▶ RECORDS SHOWN:
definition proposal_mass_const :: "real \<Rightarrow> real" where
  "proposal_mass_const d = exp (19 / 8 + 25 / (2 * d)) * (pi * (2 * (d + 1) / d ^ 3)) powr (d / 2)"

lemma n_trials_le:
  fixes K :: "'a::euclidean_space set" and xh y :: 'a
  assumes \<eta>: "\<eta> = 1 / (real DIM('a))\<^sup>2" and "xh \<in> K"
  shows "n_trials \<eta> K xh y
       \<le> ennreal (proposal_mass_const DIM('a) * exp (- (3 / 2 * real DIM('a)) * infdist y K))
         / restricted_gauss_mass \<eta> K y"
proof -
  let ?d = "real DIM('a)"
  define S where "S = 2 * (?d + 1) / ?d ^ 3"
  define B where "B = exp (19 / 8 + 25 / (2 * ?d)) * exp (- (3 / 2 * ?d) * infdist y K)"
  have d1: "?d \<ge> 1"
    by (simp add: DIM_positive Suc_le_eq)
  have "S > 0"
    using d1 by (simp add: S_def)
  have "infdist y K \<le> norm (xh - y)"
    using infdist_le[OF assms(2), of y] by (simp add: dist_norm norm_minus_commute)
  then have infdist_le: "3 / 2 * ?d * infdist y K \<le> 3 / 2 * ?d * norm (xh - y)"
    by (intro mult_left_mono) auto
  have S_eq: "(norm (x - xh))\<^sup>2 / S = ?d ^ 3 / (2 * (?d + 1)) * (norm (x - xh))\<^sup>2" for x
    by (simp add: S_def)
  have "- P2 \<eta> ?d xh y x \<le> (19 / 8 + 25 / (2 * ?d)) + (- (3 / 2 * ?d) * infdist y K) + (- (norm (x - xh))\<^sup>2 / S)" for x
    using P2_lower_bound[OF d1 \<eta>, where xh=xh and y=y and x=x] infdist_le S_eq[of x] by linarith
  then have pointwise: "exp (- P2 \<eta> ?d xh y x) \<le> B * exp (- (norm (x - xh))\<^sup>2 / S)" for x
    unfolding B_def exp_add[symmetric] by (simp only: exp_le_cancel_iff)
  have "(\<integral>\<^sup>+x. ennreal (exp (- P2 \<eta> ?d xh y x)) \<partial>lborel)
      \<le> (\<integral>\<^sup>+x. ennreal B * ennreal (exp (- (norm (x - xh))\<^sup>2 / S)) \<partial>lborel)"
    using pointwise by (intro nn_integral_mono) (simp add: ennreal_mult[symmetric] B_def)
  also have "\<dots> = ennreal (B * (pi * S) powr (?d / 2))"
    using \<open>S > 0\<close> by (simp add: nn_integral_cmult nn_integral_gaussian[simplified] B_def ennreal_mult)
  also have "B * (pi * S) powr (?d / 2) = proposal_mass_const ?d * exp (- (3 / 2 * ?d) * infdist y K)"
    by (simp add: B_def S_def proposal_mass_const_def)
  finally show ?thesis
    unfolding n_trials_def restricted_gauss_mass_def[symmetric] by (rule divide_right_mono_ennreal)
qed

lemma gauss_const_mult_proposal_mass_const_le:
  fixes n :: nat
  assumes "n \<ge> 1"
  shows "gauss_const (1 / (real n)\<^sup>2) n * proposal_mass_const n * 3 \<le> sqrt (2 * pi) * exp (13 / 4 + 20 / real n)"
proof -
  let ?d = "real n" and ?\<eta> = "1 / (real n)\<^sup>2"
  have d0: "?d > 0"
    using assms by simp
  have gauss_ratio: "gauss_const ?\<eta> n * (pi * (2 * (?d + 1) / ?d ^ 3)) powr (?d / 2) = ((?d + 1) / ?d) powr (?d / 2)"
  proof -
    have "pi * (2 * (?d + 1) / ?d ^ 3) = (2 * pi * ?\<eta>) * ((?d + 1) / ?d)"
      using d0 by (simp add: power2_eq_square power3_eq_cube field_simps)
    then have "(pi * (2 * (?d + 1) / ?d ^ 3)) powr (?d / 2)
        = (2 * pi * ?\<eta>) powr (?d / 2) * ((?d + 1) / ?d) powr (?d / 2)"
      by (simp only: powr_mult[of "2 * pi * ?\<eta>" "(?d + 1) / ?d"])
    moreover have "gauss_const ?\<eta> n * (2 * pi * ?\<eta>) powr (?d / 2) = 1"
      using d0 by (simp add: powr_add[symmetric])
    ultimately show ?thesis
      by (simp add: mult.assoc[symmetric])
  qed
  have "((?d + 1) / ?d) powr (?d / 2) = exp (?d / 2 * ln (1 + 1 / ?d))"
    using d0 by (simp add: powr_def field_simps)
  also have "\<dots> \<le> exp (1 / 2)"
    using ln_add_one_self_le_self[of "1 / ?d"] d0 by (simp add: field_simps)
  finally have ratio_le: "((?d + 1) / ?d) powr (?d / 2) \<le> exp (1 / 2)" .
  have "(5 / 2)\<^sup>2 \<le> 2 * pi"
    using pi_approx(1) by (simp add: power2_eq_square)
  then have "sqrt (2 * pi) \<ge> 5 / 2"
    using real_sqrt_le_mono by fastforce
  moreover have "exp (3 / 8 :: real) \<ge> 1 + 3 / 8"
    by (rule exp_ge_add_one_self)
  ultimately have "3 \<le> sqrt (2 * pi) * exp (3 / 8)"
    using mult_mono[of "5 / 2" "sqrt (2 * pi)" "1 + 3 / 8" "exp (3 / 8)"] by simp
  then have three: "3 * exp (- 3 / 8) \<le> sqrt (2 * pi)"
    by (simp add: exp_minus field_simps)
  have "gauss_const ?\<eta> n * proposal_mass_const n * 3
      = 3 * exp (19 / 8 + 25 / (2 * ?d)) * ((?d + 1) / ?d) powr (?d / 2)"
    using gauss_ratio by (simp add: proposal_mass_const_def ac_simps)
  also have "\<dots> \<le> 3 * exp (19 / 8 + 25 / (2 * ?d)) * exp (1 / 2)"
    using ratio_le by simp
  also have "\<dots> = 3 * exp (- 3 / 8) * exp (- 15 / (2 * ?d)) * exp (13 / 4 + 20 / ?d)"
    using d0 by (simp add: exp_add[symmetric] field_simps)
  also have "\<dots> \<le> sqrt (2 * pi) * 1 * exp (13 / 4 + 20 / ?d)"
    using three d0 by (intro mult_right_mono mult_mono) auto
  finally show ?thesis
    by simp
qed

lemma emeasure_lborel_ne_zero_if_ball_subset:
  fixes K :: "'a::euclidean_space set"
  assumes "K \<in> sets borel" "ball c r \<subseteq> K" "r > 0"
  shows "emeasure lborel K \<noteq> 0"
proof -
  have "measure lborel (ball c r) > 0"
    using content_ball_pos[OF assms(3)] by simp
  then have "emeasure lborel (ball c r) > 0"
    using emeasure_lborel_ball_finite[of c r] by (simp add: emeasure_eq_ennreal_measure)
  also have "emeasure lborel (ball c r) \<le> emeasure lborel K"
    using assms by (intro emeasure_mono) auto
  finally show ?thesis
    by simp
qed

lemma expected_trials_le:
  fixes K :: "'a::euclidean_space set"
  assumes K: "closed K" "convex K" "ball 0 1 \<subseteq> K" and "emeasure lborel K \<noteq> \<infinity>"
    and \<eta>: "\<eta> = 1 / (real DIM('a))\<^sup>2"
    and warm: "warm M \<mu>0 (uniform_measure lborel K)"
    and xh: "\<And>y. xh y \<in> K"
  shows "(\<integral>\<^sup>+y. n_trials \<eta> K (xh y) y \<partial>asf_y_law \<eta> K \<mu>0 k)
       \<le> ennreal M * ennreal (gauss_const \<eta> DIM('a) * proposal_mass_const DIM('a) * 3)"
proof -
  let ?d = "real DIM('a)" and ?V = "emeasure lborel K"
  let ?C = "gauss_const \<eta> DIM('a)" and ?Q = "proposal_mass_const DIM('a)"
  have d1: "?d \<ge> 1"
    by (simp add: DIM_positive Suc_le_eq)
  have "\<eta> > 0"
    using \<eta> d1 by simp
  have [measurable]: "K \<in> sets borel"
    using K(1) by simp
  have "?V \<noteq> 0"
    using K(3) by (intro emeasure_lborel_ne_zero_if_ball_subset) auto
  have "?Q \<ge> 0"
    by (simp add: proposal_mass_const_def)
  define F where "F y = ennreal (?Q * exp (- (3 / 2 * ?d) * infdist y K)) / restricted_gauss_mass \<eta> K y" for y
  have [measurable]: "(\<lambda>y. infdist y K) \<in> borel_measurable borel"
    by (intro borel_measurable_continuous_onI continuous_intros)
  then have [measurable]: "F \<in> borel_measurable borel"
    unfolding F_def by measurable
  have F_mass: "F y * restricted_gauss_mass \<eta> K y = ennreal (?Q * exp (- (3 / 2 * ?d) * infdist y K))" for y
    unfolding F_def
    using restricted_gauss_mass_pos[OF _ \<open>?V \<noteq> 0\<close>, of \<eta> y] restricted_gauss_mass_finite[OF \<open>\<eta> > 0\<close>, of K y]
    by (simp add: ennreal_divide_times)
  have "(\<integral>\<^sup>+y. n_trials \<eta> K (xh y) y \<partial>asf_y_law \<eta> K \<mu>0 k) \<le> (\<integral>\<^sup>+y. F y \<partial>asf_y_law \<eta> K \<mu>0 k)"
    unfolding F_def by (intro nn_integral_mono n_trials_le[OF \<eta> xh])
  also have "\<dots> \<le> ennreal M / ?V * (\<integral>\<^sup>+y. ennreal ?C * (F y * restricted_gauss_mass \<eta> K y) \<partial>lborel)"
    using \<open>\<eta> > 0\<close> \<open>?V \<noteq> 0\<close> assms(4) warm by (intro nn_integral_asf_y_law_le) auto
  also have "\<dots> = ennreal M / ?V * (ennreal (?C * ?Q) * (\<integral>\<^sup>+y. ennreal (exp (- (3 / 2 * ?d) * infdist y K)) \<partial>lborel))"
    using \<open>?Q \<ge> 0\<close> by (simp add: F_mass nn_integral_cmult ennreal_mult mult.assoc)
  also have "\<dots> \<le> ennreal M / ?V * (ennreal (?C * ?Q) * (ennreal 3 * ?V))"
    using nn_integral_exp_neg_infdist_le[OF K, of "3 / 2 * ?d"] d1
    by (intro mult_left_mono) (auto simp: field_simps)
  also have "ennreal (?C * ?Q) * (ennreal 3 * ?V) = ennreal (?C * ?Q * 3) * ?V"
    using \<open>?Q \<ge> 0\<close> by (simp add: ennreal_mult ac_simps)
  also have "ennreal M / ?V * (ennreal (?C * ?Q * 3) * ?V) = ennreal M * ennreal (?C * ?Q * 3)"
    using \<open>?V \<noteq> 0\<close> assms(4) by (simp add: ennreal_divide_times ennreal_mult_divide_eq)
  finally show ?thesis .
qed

▶ ACTION ITEM:
Among the lines above, tally those containing the string "sets" and give only the result.

▶ RESULT FOR THIS EXERCISE:
2